Dataset entries:
lemma H_dec_correct:
  assumes valid: "H_valid A g Hs" and x: "x \<in> A" and pos: "1 \<le> g x"
    and g': "g' = g(x := g x - 1)" and upd: "H_dec g' A Hs x Hs'"
  shows "H_valid A g' Hs' \<and> H_gradual g' Hs Hs'"
proof -
  let ?h = "card Hs"
  have fin: "finite Hs" using H_valid_finite[OF valid] .
  show ?thesis
  proof (cases "x \<notin> Hs \<or> ?h \<le> g' x")
    case True
    then have "Hs' = Hs" using upd by (simp add: H_dec_def)
    then show ?thesis using valid True g' by (auto simp: H_valid_def H_gradual_def)
  next
    case False
    then have xH: "x \<in> Hs" and "g x \<le> ?h" using g' pos by auto
    moreover have "?h \<le> g x" using valid xH by (auto simp: H_valid_def)
    ultimately have gx: "g x = ?h" and h_pos: "1 \<le> ?h" using pos by auto
    show ?thesis
    proof (cases "\<exists>z\<in>A - Hs. g' z = ?h")
      case True
      then obtain z where z: "z \<in> A - Hs" "g' z = ?h" and Hs': "Hs' = insert z (Hs - {x})"
        using upd False by (auto simp: H_dec_def)
      have "card Hs' = ?h"
        using Hs' fin z card_Suc_Diff1[OF fin xH] by (metis card_insert_disjoint finite_Diff Diff_iff)
      then show ?thesis using valid Hs' x gx z xH g'
        by (auto simp: H_valid_def H_gradual_def)
    next
      case no_swap: False
      then have Hs': "Hs' = Hs - {x}" using upd False by (auto simp: H_dec_def)
      have "y \<in> Hs'" if "y \<in> A" "?h - 1 < g' y" for y
      proof -
        have "y \<noteq> x" "?h \<le> g y" using that gx g' h_pos by (auto split: if_splits)
        moreover have "g y \<noteq> ?h \<or> y \<in> Hs" using no_swap that \<open>y \<noteq> x\<close> g' by force
        ultimately show ?thesis using valid that Hs' by (auto simp: H_valid_def)
      qed
      then show ?thesis using valid Hs' fin x gx xH g' h_pos
        by (auto simp: H_valid_def H_gradual_def)
    qed
  qed
qed

definition unit_change :: "('a \<Rightarrow> nat) \<Rightarrow> ('a \<Rightarrow> nat) \<Rightarrow> 'a \<Rightarrow> bool" where
  "unit_change g g' w \<longleftrightarrow> (\<forall>y. y \<noteq> w \<longrightarrow> g' y = g y) \<and> g' w \<le> g w + 1 \<and> g w \<le> g' w + 1"

lemma unit_change_sum_le:
  assumes ch: "unit_change g g' w" and fin: "finite D"
  shows "(\<Sum>x\<in>D. \<bar>real (g' x) - real (g x)\<bar>) \<le> 1"
proof -
  have "(\<Sum>x\<in>D. \<bar>real (g' x) - real (g x)\<bar>) \<le> (\<Sum>x\<in>D. if x = w then 1 else 0)"
    using ch by (intro sum_mono) (auto simp: unit_change_def)
  also have "\<dots> \<le> 1" using fin by (subst sum.delta) auto
  finally show ?thesis .
qed

definition wf_state :: "'a hstate \<Rightarrow> bool" where
  "wf_state st \<longleftrightarrow> H_valid (S st) (f st) (H st) \<and> (\<forall>x. x \<notin> S st \<longrightarrow> f st x = 0)
     \<and> P st \<subseteq> H st \<and> (\<forall>x\<in>H st - P st. f st x < 2 * card (H st))"

lemma wf_init_state: "wf_state init_state"
  by (simp add: wf_state_def H_valid_def init_state_def)

text \<open>Insertions and deletions concern elements of value 0, which never lie in a
  nonempty H, so H stays certifying; increments and decrements were treated above.\<close>
lemma step_H_correct:
  assumes wf: "wf_state st" and st: "step st op st'"
  shows "H_valid (S st') (f st') (H st') \<and> H_gradual (f st') (H st) (H st')"
proof -
  have valid: "H_valid (S st) (f st) (H st)" and zero: "\<forall>x. x \<notin> S st \<longrightarrow> f st x = 0"
    using wf by (auto simp: wf_state_def)
  show ?thesis
  proof (cases op)
    case (Ins x)
    then have "x \<notin> S st" "f st x = 0" "S st' = insert x (S st)" "f st' = f st" "H st' = H st"
      using st zero by (auto simp: step_def)
    then show ?thesis using valid by (auto simp: H_valid_def H_gradual_def)
  next
    case (Del x)
    then have del: "x \<in> S st" "f st x = 0" "S st' = S st - {x}" "f st' = f st" "H st' = H st"
      using st by (auto simp: step_def)
    have "x \<notin> H st"
      using valid del H_valid_finite[OF valid] by (force simp: H_valid_def card_gt_0_iff)
    then show ?thesis using valid del by (auto simp: H_valid_def H_gradual_def)
  next
    case (Inc x)
    then show ?thesis
      using st H_inc_correct[OF valid] by (auto simp: step_def)
  next
    case (Dec x)
    then show ?thesis
      using st H_dec_correct[OF valid] by (auto simp: step_def)
  qed
qed

lemma step_unit_change:
  assumes wf: "wf_state st" and st: "step st op st'"
  shows "\<exists>w. unit_change (f st) (f st') w"
  using st wf by (cases op) (auto simp: step_def wf_state_def unit_change_def)

lemma step_wf_state:
  assumes wf: "wf_state st" and st: "step st op st'"
  shows "wf_state st'"
proof -
  have "\<forall>x. x \<notin> S st' \<longrightarrow> f st' x = 0"
    using wf st by (cases op) (auto simp: step_def wf_state_def)
  moreover have "P st' = P_upd (f st') (H st') (P st)" using st by (simp add: step_def)
  ultimately show ?thesis using step_H_correct[OF wf st] by (auto simp: wf_state_def P_upd_def)
qed

section \<open>A smoothed square of the h-index\<close>

definition level_count :: "('a \<Rightarrow> nat) \<Rightarrow> nat \<Rightarrow> nat" where
  "level_count g v = card {x. v \<le> g x}"

lemma level_set_finite:
  fixes g :: "'a \<Rightarrow> nat"
  assumes "finite A" and "\<forall>x. x \<notin> A \<longrightarrow> g x = 0" and "1 \<le> v"
  shows "finite {x. v \<le> g x}"
proof (rule finite_subset[OF _ assms(1)])
  show "{x. v \<le> g x} \<subseteq> A"
  proof
    fix x assume "x \<in> {x. v \<le> g x}"
    then show "x \<in> A" using assms(2,3) by (cases "x \<in> A") auto
  qed
qed

lemma level_count_low:
  assumes valid: "H_valid A g Hs" and zero: "\<forall>x. x \<notin> A \<longrightarrow> g x = 0"
    and v: "1 \<le> v" "v \<le> card Hs"
  shows "card Hs \<le> level_count g v"
proof -
  have "finite {x. v \<le> g x}" using valid zero v(1) by (intro level_set_finite) (auto simp: H_valid_def)
  moreover have "Hs \<subseteq> {x. v \<le> g x}" using valid v(2) by (force simp: H_valid_def)
  ultimately show ?thesis unfolding level_count_def by (rule card_mono)
qed

lemma level_count_high:
  assumes valid: "H_valid A g Hs" and zero: "\<forall>x. x \<notin> A \<longrightarrow> g x = 0" and v: "card Hs < v"
  shows "level_count g v \<le> card Hs"
proof -
  have "{x. v \<le> g x} \<subseteq> Hs" using valid zero v by (force simp: H_valid_def)
  then show ?thesis unfolding level_count_def by (rule card_mono[OF H_valid_finite[OF valid]])
qed

lemma card_subset_insert_le:
  assumes "finite B" and "A \<subseteq> insert w B"
  shows "card A \<le> card B + 1"
proof -
  have "card A \<le> card (insert w B)" using assms by (intro card_mono) auto
  also have "\<dots> \<le> card B + 1" using assms(1) by (simp add: card_insert_if)
  finally show ?thesis .
qed

lemma level_count_unit_change:
  assumes ch: "unit_change g g' w"
    and fin: "finite {x. v \<le> g x}" "finite {x. v \<le> g' x}"
  shows "level_count g' v \<le> level_count g v + 1" and "level_count g v \<le> level_count g' v + 1"
    and "v \<noteq> max (g w) (g' w) \<Longrightarrow> level_count g' v = level_count g v"
proof -
  have other: "y \<noteq> w \<Longrightarrow> g' y = g y" for y using ch by (simp add: unit_change_def)
  show "level_count g' v \<le> level_count g v + 1"
    unfolding level_count_def using fin(1) other by (intro card_subset_insert_le[of _ _ w]) auto
  show "level_count g v \<le> level_count g' v + 1"
    unfolding level_count_def using fin(2) other by (intro card_subset_insert_le[of _ _ w]) auto
  assume "v \<noteq> max (g w) (g' w)"
  then have at_w: "v \<le> g' w \<longleftrightarrow> v \<le> g w" using ch by (auto simp: unit_change_def)
  have "{x. v \<le> g' x} = {x. v \<le> g x}"
  proof (rule Collect_cong)
    show "v \<le> g' x \<longleftrightarrow> v \<le> g x" for x using other at_w by (cases "x = w") auto
  qed
  then show "level_count g' v = level_count g v" by (simp add: level_count_def)
qed

text \<open>Summing over
  the levels up to 2h gives a quantity between h(h+1)/2 and h^2 which, in contrast to
  h^2, moves by at most 2 when f changes at one point.\<close>
definition tau :: "nat \<Rightarrow> nat \<Rightarrow> real" where
  "tau v c = min (max 0 (2 * real c - real v)) (real v)"

definition smooth_sq :: "('a \<Rightarrow> nat) \<Rightarrow> nat \<Rightarrow> real" where
  "smooth_sq g h = (\<Sum>v\<in>{1..2 * h}. tau v (level_count g v))"

lemma tau_unit_change: "c' \<le> c + 1 \<Longrightarrow> c \<le> c' + 1 \<Longrightarrow> \<bar>tau v c' - tau v c\<bar> \<le> 2"
  by (simp add: tau_def)

text \<open>Levels above 2|H| contribute nothing, so the range of summation can be enlarged.\<close>
lemma smooth_sq_extend:
  assumes valid: "H_valid A g Hs" and zero: "\<forall>x. x \<notin> A \<longrightarrow> g x = 0"
    and M: "2 * card Hs \<le> M"
  shows "(\<Sum>v\<in>{1..M}. tau v (level_count g v)) = smooth_sq g (card Hs)"
proof -
  let ?h = "card Hs"
  have "(\<Sum>v\<in>{1..M}. tau v (level_count g v)) =
      smooth_sq g ?h + (\<Sum>v\<in>{2 * ?h + 1..M}. tau v (level_count g v))"
  proof -
    have "{1..M} = {1..2 * ?h} \<union> {2 * ?h + 1..M}" using M by auto
    then show ?thesis unfolding smooth_sq_def by (simp add: sum.union_disjoint)
  qed
  moreover have "tau v (level_count g v) = 0" if "2 * ?h < v" for v
    using level_count_high[OF valid zero, of v] that by (simp add: tau_def)
  ultimately show ?thesis by simp
qed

■ **Task brief**
Reproduce the entries above exactly, but only the lines between the line holding "v by (force simp: H_valid_def)" and the line holding "(intro card_mono) auto", inclusive.

■ **Answer to this task**
  have "{x. v \<le> g x} \<subseteq> Hs" using valid zero v by (force simp: H_valid_def)
  then show ?thesis unfolding level_count_def by (rule card_mono[OF H_valid_finite[OF valid]])
qed

lemma card_subset_insert_le:
  assumes "finite B" and "A \<subseteq> insert w B"
  shows "card A \<le> card B + 1"
proof -
  have "card A \<le> card (insert w B)" using assms by (intro card_mono) auto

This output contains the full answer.